News - July 2, 2020

‘We have not taken biodiversity to heart’

Tessa Louwerens

While researching the funding of nature conservation, PhD-candidate Nowella Anyango-Van Zwieten realized the real problem was not lack of money. That’s why she proposes: Capitalism is not the root of the nature problem; indifference is.

PhD candidates are expected to submit a set of propositions with their thesis. In this feature, they explain their most thought-provoking proposition. This time, Nowella Anyango-Van Zwieten of the Forest and Nature Conservation Policy Group , who obtained her PhD on 12 June for her research on nature conservation funding.

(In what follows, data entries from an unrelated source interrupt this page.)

(* Let $\mathcal{T}$ be an MPQ-tree of an interval graph $G=(V,E)$, let $(x,y)\in E$ with $x$ over $y$ and $node(x)\neq node(y)$, and suppose the $\langle x,y\rangle$-tree-path is almost rotable and starts in a central section $S_a$ of the Q-node $node(x)$, whose sections are $S_1,\dots,S_k$. Suppose $y$ has no neighbour in $V_a\setminus\{y\}$ (the vertex set of the subtree $T_a$), and at least one of the following holds: (1) there is $b$ with $1<b\le l(x)$ such that $S_a\setminus\{x\}\subseteq S_b$ and $S_{b-1}\cap S_b\subseteq S_a$; (2) there is $b$ with $r(x)\le b<k$ such that $S_a\setminus\{x\}\subseteq S_b$ and $S_b\cap S_{b+1}\subseteq S_a$; (3) $S_a\setminus\{x\}\subseteq S_1$; (4) $S_a\setminus\{x\}\subseteq S_k$. Then $(x,y)$ is an interval edge.
   Context: Graphs are finite and simple; for $G=(V,E)$ and $e\in E$, $G-e=(V,E\setminus\{e\})$. An edge $(x,y)\in E$ of an interval graph $G$ is an interval edge if $G-(x,y)$ is an interval graph. An MPQ-tree of an interval graph $G=(V,E)$, $V=\{1,\dots,n\}$, is a rooted plane tree whose nodes are P-nodes and Q-nodes. Each P-node carries a (possibly empty) set of vertices. A Q-node has $k\ge 3$ ordered positions $1,\dots,k$; position $i$ carries a set $S_i\subseteq V$ (the $i$-th section) and a child subtree $T_i$, which may be empty. Every vertex $v$ is assigned to exactly one node $node(v)$: either $v$ lies in the set of the P-node $node(v)$, or $node(v)$ is a Q-node and $v$ lies exactly in the sections $S_{l(v)},\dots,S_{r(v)}$ of it, with $l(v)<r(v)$. For a node with child subtrees $T_1,\dots,T_k$, $V_i$ denotes the set of vertices assigned to nodes of $T_i$ ($V_i=\emptyset$ if $T_i$ is empty). The maximal cliques of $G$ are in bijection with the descending paths from the root which at a P-node continue into one of its children (stopping if there is none) and at a Q-node choose a position $i$ and continue into $T_i$ (stopping if $T_i$ is empty); the clique is the union of the sets of the visited P-nodes and the chosen sections. Reading these cliques left to right gives a linear order of the maximal cliques, and the orders obtained this way after arbitrarily permuting children of P-nodes and reversing the positions of Q-nodes are exactly the orders of the maximal cliques of $G$ in which the cliques containing any fixed vertex are consecutive. Moreover, for every Q-node with sections $S_1,\dots,S_k$: (a) $V_1\neq\emptyset$ and $V_k\ne\emptyset$; (b) $S_1\subseteq S_2$ and $S_k\subseteq S_{k-1}$; (c) $S_{i-1}\cap S_i\neq\emptyset$ for $2\le i\le k$; (d) $S_{i-1}\neq S_i$ for $2\le i\le k$; (e) $(S_i\cap S_{i+1})\setminus S_1\neq\emptyset$ and $(S_{i-1}\cap S_i)\setminus S_k\neq\emptyset$ for $2\le i\le k-1$; (f) $(S_{i-1}\cup V_{i-1})\setminus S_i\neq\emptyset$ and $(S_i\cup V_i)\setminus S_{i-1}\neq\emptyset$ for $2\le i\le k$; and further (g) no empty P-node has an empty P-node as its parent, (h) no P-node has exactly one child whose root is a P-node, (i) every child subtree of a P-node is nonempty. We say $x$ is over $y$ if $node(x)$ is the lowest common ancestor of $node(x)$ and $node(y)$ in $\mathcal{T}$. For $x$ over $y$ with $node(x)\ne node(y)$, the $\langle x,y\rangle$-tree-path is the tree path $node(x)=n_1,n_2,\dots,n_t=node(y)$. For a Q-node with sections $S_1,\dots,S_k$, section $S_a$ is central if $1<a<k$, and for a vertex $v$ of that Q-node it is $v$-central if $l(v)<a<r(v)$ and $v$-non-central if $a\in\{l(v),r(v)\}$. The path goes through a central section if for some $1<i<t$, $n_i$ is a Q-node and $n_{i+1}$ lies in the subtree $T_a$ of a central section $S_a$ of $n_i$. The path starts in a central (resp. non-central) section $S_a$ if $n_1$ is a Q-node and $n_2$ lies in the subtree $T_a$ where $S_a$ is an $x$-central (resp. $x$-non-central) section of $n_1$. It starts in a P-node if $n_1$ is a P-node, and ends in a P-node (resp. Q-node) if $n_t$ is a P-node (resp. Q-node). The path is almost rotable if it does not go through a central section and $n_t$ is a P-node that is a leaf of $\mathcal{T}$; it is rotable if it is almost rotable and it either starts in a P-node or starts in a non-central section. *)

theory Defs
  imports Complex_Main "HOL-Library.Multiset"
begin

text \<open>A finite simple graph G = (V,E): edges are two-element subsets of V.
  The edge (x,y) is represented by the set {x,y}; G - (x,y) is (V, E - {{x,y}}).\<close>

definition simple_graph :: "nat set \<Rightarrow> nat set set \<Rightarrow> bool" where
  "simple_graph V E \<longleftrightarrow> finite V \<and>
     (\<forall>e\<in>E. \<exists>u v. e = {u, v} \<and> u \<noteq> v \<and> u \<in> V \<and> v \<in> V)"

definition interval_graph :: "nat set \<Rightarrow> nat set set \<Rightarrow> bool" where
  "interval_graph V E \<longleftrightarrow> simple_graph V E \<and>
     (\<exists>I :: nat \<Rightarrow> real \<times> real.
        (\<forall>v\<in>V. fst (I v) \<le> snd (I v)) \<and>
        (\<forall>u\<in>V. \<forall>v\<in>V. u \<noteq> v \<longrightarrow>
            ({u, v} \<in> E \<longleftrightarrow> max (fst (I u)) (fst (I v)) \<le> min (snd (I u)) (snd (I v)))))"

definition is_clique :: "nat set \<Rightarrow> nat set set \<Rightarrow> nat set \<Rightarrow> bool" where
  "is_clique V E C \<longleftrightarrow> C \<subseteq> V \<and> (\<forall>u\<in>C. \<forall>v\<in>C. u \<noteq> v \<longrightarrow> {u, v} \<in> E)"

definition max_cliques :: "nat set \<Rightarrow> nat set set \<Rightarrow> nat set set" where
  "max_cliques V E = {C. is_clique V E C \<and> (\<forall>D. is_clique V E D \<and> C \<subseteq> D \<longrightarrow> D = C)}"

text \<open>A P-node carries a vertex set and the (ordered) list of its child subtrees
  (every child subtree of a P-node is nonempty by construction).
  A Q-node carries the list of its positions; position i carries the section S_i
  and a possibly empty child subtree T_i (None = empty).\<close>

datatype mpq = PNode "nat set" "mpq list" | QNode "(nat set \<times> mpq option) list"

text \<open>Nodes are identified by their positions (lists of 0-based child indices).\<close>

primrec subtree :: "nat list \<Rightarrow> mpq \<Rightarrow> mpq option" where
  "subtree [] t = Some t"
| "subtree (i # p) t =
     (case t of
        PNode A cs \<Rightarrow> (if i < length cs then subtree p (cs ! i) else None)
      | QNode ss \<Rightarrow> (if i < length ss then
                       (case snd (ss ! i) of None \<Rightarrow> None | Some c \<Rightarrow> subtree p c)
                     else None))"

definition positions :: "mpq \<Rightarrow> nat list set" where
  "positions T = {p. subtree p T \<noteq> None}"

definition node_at :: "mpq \<Rightarrow> nat list \<Rightarrow> mpq" where
  "node_at T p = the (subtree p T)"

fun node_vs :: "mpq \<Rightarrow> nat set" where
  "node_vs (PNode A cs) = A"
| "node_vs (QNode ss) = \<Union> (set (map fst ss))"

definition all_verts :: "mpq \<Rightarrow> nat set" where
  "all_verts T = \<Union> {node_vs (node_at T p) | p. p \<in> positions T}"

definition subverts :: "mpq option \<Rightarrow> nat set" where
  "subverts c = (case c of None \<Rightarrow> {} | Some t \<Rightarrow> all_verts t)"

text \<open>1-based access to the sections S_i, subtrees T_i and vertex sets V_i of a Q-node.\<close>

definition sec :: "(nat set \<times> mpq option) list \<Rightarrow> nat \<Rightarrow> nat set" where
  "sec ss i = fst (ss ! (i - 1))"

definition Vsub :: "(nat set \<times> mpq option) list \<Rightarrow> nat \<Rightarrow> nat set" where
  "Vsub ss i = subverts (snd (ss ! (i - 1)))"

text \<open>l(v) and r(v), 1-based.\<close>

definition lidx :: "(nat set \<times> mpq option) list \<Rightarrow> nat \<Rightarrow> nat" where
  "lidx ss v = (LEAST i. 1 \<le> i \<and> i \<le> length ss \<and> v \<in> sec ss i)"

definition ridx :: "(nat set \<times> mpq option) list \<Rightarrow> nat \<Rightarrow> nat" where
  "ridx ss v = (GREATEST i. 1 \<le> i \<and> i \<le> length ss \<and> v \<in> sec ss i)"

text \<open>The maximal cliques along descending paths, read from left to right.\<close>

fun cliques :: "mpq \<Rightarrow> nat set list" where
  "cliques (PNode A cs) =
     (if cs = [] then [A] else concat (map (\<lambda>c. map ((\<union>) A) (cliques c)) cs))"
| "cliques (QNode ss) =
     concat (map (\<lambda>sc. case snd sc of None \<Rightarrow> [fst sc]
                                 | Some t \<Rightarrow> map ((\<union>) (fst sc)) (cliques t)) ss)"

inductive equiv_tree :: "mpq \<Rightarrow> mpq \<Rightarrow> bool" where
  eqP: "list_all2 equiv_tree cs ds \<Longrightarrow> mset ds = mset es \<Longrightarrow>
        equiv_tree (PNode A cs) (PNode A es)"
| eqQ: "list_all2 (\<lambda>sc sd. fst sc = fst sd \<and> rel_option equiv_tree (snd sc) (snd sd)) ss ts \<Longrightarrow>
        equiv_tree (QNode ss) (QNode (if b then rev ts else ts))"
monos list_all2_mono option.rel_mono

definition consecutive_clique_order :: "nat set \<Rightarrow> nat set set \<Rightarrow> nat set list \<Rightarrow> bool" where
  "consecutive_clique_order V E L \<longleftrightarrow> distinct L \<and> set L = max_cliques V E \<and>
     (\<forall>v i j k. i \<le> j \<and> j \<le> k \<and> k < length L \<and> v \<in> L ! i \<and> v \<in> L ! k \<longrightarrow> v \<in> L ! j)"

‘Very often, even in the scientific literature, capitalism is given as the root cause of the deterioration of nature. Capitalism is portrayed as a wild, uncontrollable monster seeking profit everywhere. I agree that capitalism is highly problematic, and is a major driver of the careless way we treat nature. But the beast can be tamed. I don’t think we should point at an external cause  of our heedless destruction of nature, because this is mainly an internal problem. It’s a matter of the heart. How we spend our money shows what we value most.
‘The highest estimate of the sum that would be needed to protect global biodiversity is  seven trillion US dollars per year. That sounds like a lot. But if you look at it in the context of the global economy, it is only a drop in the ocean. It is nothing in comparison with other funding such as agricultural subsidies or international aid. For example, of all the aid that goes to Africa, only about one per cent goes to the environment. We have not really taken biodiversity to heart yet, and it gets very low priority.

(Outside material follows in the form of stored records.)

lemma vlipschitz_ramp:
  assumes "vlipschitz d 1 \<phi>" "0 < h"
  shows "vlipschitz d (1 / h) (\<lambda>x. ramp t h (\<phi> x))"
  unfolding vlipschitz_def
proof (intro ballI)
  fix y z assume yz: "y \<in> space (Rsp d)" "z \<in> space (Rsp d)"
  have "\<bar>ramp t h (\<phi> y) - ramp t h (\<phi> z)\<bar> \<le> \<bar>(\<phi> y - t) / h - (\<phi> z - t) / h\<bar>"
    unfolding ramp_def by (simp add: min_def max_def abs_if)
  also have "\<dots> = \<bar>\<phi> y - \<phi> z\<bar> / h"
    using \<open>0 < h\<close> by (simp add: diff_divide_distrib[symmetric])
  also have "\<dots> \<le> 1 / h * vnorm d (\<lambda>i. y i - z i)"
    using assms yz by (simp add: vlipschitz_def divide_right_mono)
  finally show "\<bar>ramp t h (\<phi> y) - ramp t h (\<phi> z)\<bar> \<le> 1 / h * vnorm d (\<lambda>i. y i - z i)" .
qed

lemma grad_norm_le:
  assumes "0 \<le> L"
    and "\<forall>\<^sub>F y in at x within space (Rsp d). \<bar>f y - f x\<bar> \<le> L * vnorm d (\<lambda>i. y i - x i)"
  shows "0 \<le> grad_norm d f x \<and> grad_norm d f x \<le> L"
proof -
  let ?F = "at x within space (Rsp d)"
  let ?q = "\<lambda>y. \<bar>f y - f x\<bar> / vnorm d (\<lambda>i. y i - x i)"
  show ?thesis
  proof (cases "?F = bot")
    case True
    then show ?thesis using assms(1) by (simp add: grad_norm_def bot_ereal_def)
  next
    case False
    have "ereal 0 \<le> Limsup ?F (\<lambda>y. ereal (?q y))"
      by (rule le_Limsup[OF False]) (simp add: vnorm_nonneg)
    moreover have "Limsup ?F (\<lambda>y. ereal (?q y)) \<le> ereal L"
    proof (rule Limsup_bounded)
      show "\<forall>\<^sub>F y in ?F. ereal (?q y) \<le> ereal L"
        using assms(2)
      proof eventually_elim
        case (elim y)
        \<comment> \<open>where \<open>y\<close> agrees with \<open>x\<close> on \<open>{..<d}\<close> the quotient is \<open>0\<close> since \<open>v / 0 = 0\<close>\<close>
        then show ?case
          using assms(1) vnorm_nonneg[of d "\<lambda>i. y i - x i"]
          by (cases "vnorm d (\<lambda>i. y i - x i) = 0") (auto simp: divide_le_eq mult.commute)
      qed
    qed
    ultimately show ?thesis
      unfolding grad_norm_def by (cases "Limsup ?F (\<lambda>y. ereal (?q y))") auto
  qed
qed

lemma grad_norm_sq_le:
  assumes "vlipschitz d L f" "0 \<le> L" "x \<in> space (Rsp d)"
  shows "(grad_norm d f x)\<^sup>2 \<le> L\<^sup>2"
proof -
  have "\<forall>\<^sub>F y in at x within space (Rsp d). y \<in> space (Rsp d)"
    by (simp add: eventually_at_filter)
  then have "\<forall>\<^sub>F y in at x within space (Rsp d). \<bar>f y - f x\<bar> \<le> L * vnorm d (\<lambda>i. y i - x i)"
    by eventually_elim (use assms in \<open>simp add: vlipschitz_def\<close>)
  then show ?thesis
    using grad_norm_le[OF assms(2)] by (simp add: power_mono)
qed

lemma grad_norm_ramp_eq_0:
  assumes \<phi>: "vlipschitz d 1 \<phi>" and h: "0 < h" and x: "x \<in> space (Rsp d)" "\<phi> x < t"
  shows "grad_norm d (\<lambda>y. ramp t h (\<phi> y)) x = 0"
proof -
  have "\<forall>\<^sub>F y in at x within space (Rsp d). vnorm d (\<lambda>i. y i - x i) < t - \<phi> x"
    using x(2) by (intro order_tendstoD(2)[OF tendsto_vnorm_diff]) simp
  moreover have "\<forall>\<^sub>F y in at x within space (Rsp d). y \<in> space (Rsp d)"
    by (simp add: eventually_at_filter)
  ultimately have "\<forall>\<^sub>F y in at x within space (Rsp d).
      \<bar>ramp t h (\<phi> y) - ramp t h (\<phi> x)\<bar> \<le> 0 * vnorm d (\<lambda>i. y i - x i)"
  proof eventually_elim
    case (elim y)
    then have "\<phi> y \<le> t"
      using \<phi> x(1) unfolding vlipschitz_def by force
    then show ?case
      using x(2) h by (simp add: ramp_eq_0)
  qed
  then show ?thesis
    using grad_norm_le[of 0] by (simp add: order_antisym)
qed

section \<open>Concentration from a Poincare inequality\<close>

lemma isotropic_SUP_directional_moment_le_1:
  assumes "isotropic d \<mu>"
  shows "(SUP \<theta>\<in>vsphere d. \<integral>\<^sup>+x. ennreal ((vinner d x \<theta>)\<^sup>2) \<partial>\<mu>) \<le> 1"
proof (rule SUP_least)
  fix \<theta> assume "\<theta> \<in> vsphere d"
  then have unit: "(\<Sum>i<d. (\<theta> i)\<^sup>2) = 1"
    unfolding vsphere_def vnorm_def by auto
  have int: "\<And>i j. i < d \<Longrightarrow> j < d \<Longrightarrow> integrable \<mu> (\<lambda>x. x i * x j)"
    and mom: "\<And>i j. i < d \<Longrightarrow> j < d \<Longrightarrow> (\<integral>x. x i * x j \<partial>\<mu>) = (if i = j then 1 else 0)"
    using assms unfolding isotropic_def by blast+
  have expand: "(vinner d x \<theta>)\<^sup>2 = (\<Sum>i<d. \<Sum>j<d. (\<theta> i * \<theta> j) * (x i * x j))" for x
    unfolding vinner_def power2_eq_square sum_product
    by (intro sum.cong refl) (simp add: algebra_simps)
  have integrable: "integrable \<mu> (\<lambda>x. (vinner d x \<theta>)\<^sup>2)"
    unfolding expand by (intro Bochner_Integration.integrable_sum integrable_mult_right int) auto
  have "(\<integral>x. (vinner d x \<theta>)\<^sup>2 \<partial>\<mu>) = (\<Sum>i<d. \<Sum>j<d. (\<theta> i * \<theta> j) * (\<integral>x. x i * x j \<partial>\<mu>))"
    unfolding expand
    by (subst Bochner_Integration.integral_sum)
       (auto intro!: Bochner_Integration.integrable_sum integrable_mult_right int sum.cong
        simp: Bochner_Integration.integral_sum int)
  also have "\<dots> = 1"
    using unit by (simp add: mom power2_eq_square if_distrib sum.delta cong: if_cong)
  finally show "(\<integral>\<^sup>+x. ennreal ((vinner d x \<theta>)\<^sup>2) \<partial>\<mu>) \<le> 1"
    using nn_integral_eq_integral[OF integrable] by simp
qed

lemma isotropic_vnorm_sq:
  assumes "isotropic d \<mu>"
  shows "integrable \<mu> (\<lambda>x. (vnorm d x)\<^sup>2)" "(\<integral>x. (vnorm d x)\<^sup>2 \<partial>\<mu>) = real d"
proof -
  have sq: "(vnorm d x)\<^sup>2 = (\<Sum>i<d. x i * x i)" for x
    unfolding vnorm_def by (simp add: sum_nonneg power2_eq_square)
  have int: "\<And>i j. i < d \<Longrightarrow> j < d \<Longrightarrow> integrable \<mu> (\<lambda>x. x i * x j)"
    and mom: "\<And>i j. i < d \<Longrightarrow> j < d \<Longrightarrow> (\<integral>x. x i * x j \<partial>\<mu>) = (if i = j then 1 else 0)"
    using assms unfolding isotropic_def by blast+
  show "integrable \<mu> (\<lambda>x. (vnorm d x)\<^sup>2)"
    unfolding sq by (intro Bochner_Integration.integrable_sum int) auto
  show "(\<integral>x. (vnorm d x)\<^sup>2 \<partial>\<mu>) = real d"
    unfolding sq by (subst Bochner_Integration.integral_sum) (auto intro: int simp: mom)
qed

lemma mult_le_weighted_squares:
  fixes a b m :: real
  assumes "0 \<le> a" "0 \<le> b" "a + b \<le> 1"
  shows "a * b \<le> a * m\<^sup>2 + b * (1 - m)\<^sup>2"
proof -
  \<comment> \<open>\<open>(a + b) (a m\<^sup>2 + b (1 - m)\<^sup>2) - a b = ((a + b) m - b)\<^sup>2\<close>\<close>
  have "a * b * (a + b) \<le> (a + b) * (a * m\<^sup>2 + b * (1 - m)\<^sup>2)"
  proof -
    have "a * b * (a + b) \<le> a * b"
      using assms by (simp add: mult_left_le)
    also have "\<dots> \<le> (a + b) * (a * m\<^sup>2 + b * (1 - m)\<^sup>2)"
      using zero_le_power2[of "(a + b) * m - b"] by (simp add: power2_eq_square algebra_simps)
    finally show ?thesis .
  qed
  then show ?thesis
  proof (cases "a + b = 0")
    case True
    then have "a = 0" "b = 0" using assms by linarith+
    then show ?thesis by simp
  qed (use assms in \<open>simp add: mult.commute\<close>)
qed

lemma (in prob_space) prob_mult_prob_le_variance:
  assumes f: "f \<in> borel_measurable M" "\<And>x. 0 \<le> f x" "\<And>x. f x \<le> 1"
    and A: "A \<in> events" "\<And>x. x \<in> A \<Longrightarrow> f x = 0"
    and B: "B \<in> events" "\<And>x. x \<in> B \<Longrightarrow> f x = 1"
  shows "prob A * prob B \<le> variance f"
proof -
  define m where "m = expectation f"
  have "0 \<le> m" "m \<le> 1"
    using f prob_space integral_mono[of M f "\<lambda>_. 1"]
    by (auto simp: m_def integral_nonneg_AE integrable_const_bound[where B=1])
  then have sq_le: "(f x - m)\<^sup>2 \<le> 1" for x
    using f(2,3)[of x] by (simp add: abs_square_le_1)
  have disj: "A \<inter> B = {}"
    using A(2) B(2) by fastforce
  have "prob A * m\<^sup>2 + prob B * (1 - m)\<^sup>2 = (\<integral>x. indicator A x * m\<^sup>2 + indicator B x * (1 - m)\<^sup>2 \<partial>M)"
    using A(1) B(1) by (simp add: less_top[symmetric])
  also have "\<dots> \<le> variance f"
  proof (rule integral_mono)
    show "integrable M (\<lambda>x. (f x - expectation f)\<^sup>2)"
      by (rule integrable_const_bound[where B=1]) (use f sq_le in \<open>auto simp: m_def\<close>)
    show "indicator A x * m\<^sup>2 + indicator B x * (1 - m)\<^sup>2 \<le> (f x - expectation f)\<^sup>2" for x
      using A(2)[of x] B(2)[of x] disj by (auto simp: indicator_def m_def)
  qed (use A(1) B(1) in \<open>simp add: less_top[symmetric]\<close>)
  finally have "prob A * m\<^sup>2 + prob B * (1 - m)\<^sup>2 \<le> variance f" .
  moreover have "prob A * prob B \<le> prob A * m\<^sup>2 + prob B * (1 - m)\<^sup>2"
    using finite_measure_Union[OF A(1) B(1) disj] prob_le_1[of "A \<union> B"]
    by (intro mult_le_weighted_squares) auto
  ultimately show ?thesis by linarith
qed

lemma exp_tail_of_geometric_tail:
  fixes P h u :: real
  assumes tail: "\<And>j::nat. (real j + 2) * h \<le> u \<Longrightarrow> P \<le> 2 * (1/2)^j"
    and "P \<le> 1" "0 < h" "0 \<le> u"
  shows "P \<le> 16 * exp (- (ln 2 / h) * u)"
proof -
  have half_pow: "(1/2::real)^m = exp (- ln 2 * real m)" for m
  proof -
    have "exp (- ln 2 * real m) = exp (- ln 2) ^ m"
      by (simp add: mult.commute exp_of_nat_mult[symmetric])
    then show ?thesis by (simp add: exp_minus power_one_over)
  qed
  define n where "n = nat \<lfloor>u / h\<rfloor>"
  have n: "real n \<le> u / h" "u / h < real n + 1"
    using assms by (auto simp: n_def)
  show ?thesis
  proof (cases "2 \<le> n")
    case True
    then have "P \<le> 2 * (1/2)^(n - 2)"
      using tail[of "n - 2"] n(1) \<open>0 < h\<close> by (simp add: of_nat_diff le_divide_eq)
    also have "\<dots> = 8 * (1/2)^n"
    proof -
      obtain j where "n = j + 2" using True le_Suc_ex by (metis add.commute)
      then show ?thesis by (simp add: power_add)
    qed
    also have "\<dots> = 8 * exp (- ln 2 * real n)"
      by (simp add: half_pow)
    also have "\<dots> \<le> 8 * exp (- ln 2 * (u / h - 1))"
      using n(2) by simp
    also have "\<dots> = 16 * exp (- (ln 2 / h) * u)"
      by (simp add: algebra_simps exp_add exp_diff exp_minus divide_inverse)
    finally show ?thesis .
  next
    case False
    then have "u / h < 2" using n by linarith
    then have "ln 2 * (u / h) \<le> ln 2 * 2"
      by (intro mult_left_mono) auto
    then have "(ln 2 / h) * u \<le> ln 2 * 2"
      by simp
    then have "exp (- ln 2 * 2) \<le> exp (- (ln 2 / h) * u)"
      by simp
    moreover have "exp (- ln 2 * 2) = (1/4::real)"
      using half_pow[of 2] by (simp add: power2_eq_square)
    ultimately show ?thesis using \<open>P \<le> 1\<close> by linarith
  qed
qed

locale poincare_space = prob_space \<mu> for \<mu> :: "(nat \<Rightarrow> real) measure" +
  fixes d :: nat and C :: real
  assumes sets_eq: "sets \<mu> = sets (Rsp d)"
    and C_pos: "0 < C"
    and poincare_ineq: "\<And>f. locally_lipschitz d f \<Longrightarrow> integrable \<mu> (\<lambda>x. (f x)\<^sup>2) \<Longrightarrow>
       ennreal (\<integral>x. (f x - (\<integral>y. f y \<partial>\<mu>))\<^sup>2 \<partial>\<mu>)
         \<le> ennreal C * (\<integral>\<^sup>+x. ennreal ((grad_norm d f x)\<^sup>2) \<partial>\<mu>)"
begin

We have not really taken biodiversity to heart yet, and it gets very low priority

‘Look at what’s happening now with the coronavirus crisis, and how much money has become available to prop up the economy.  I’m sure if we really wanted to, we could raise the funds needed to protect all the biodiversity on the planet in a matter of weeks. But that won’t happen as long as we keep thinking the problem is external. We have to own it. Not just as individuals but also at the level of governments and industries. As long as we don’t, species will keep on becoming extinct at a rapid rate.’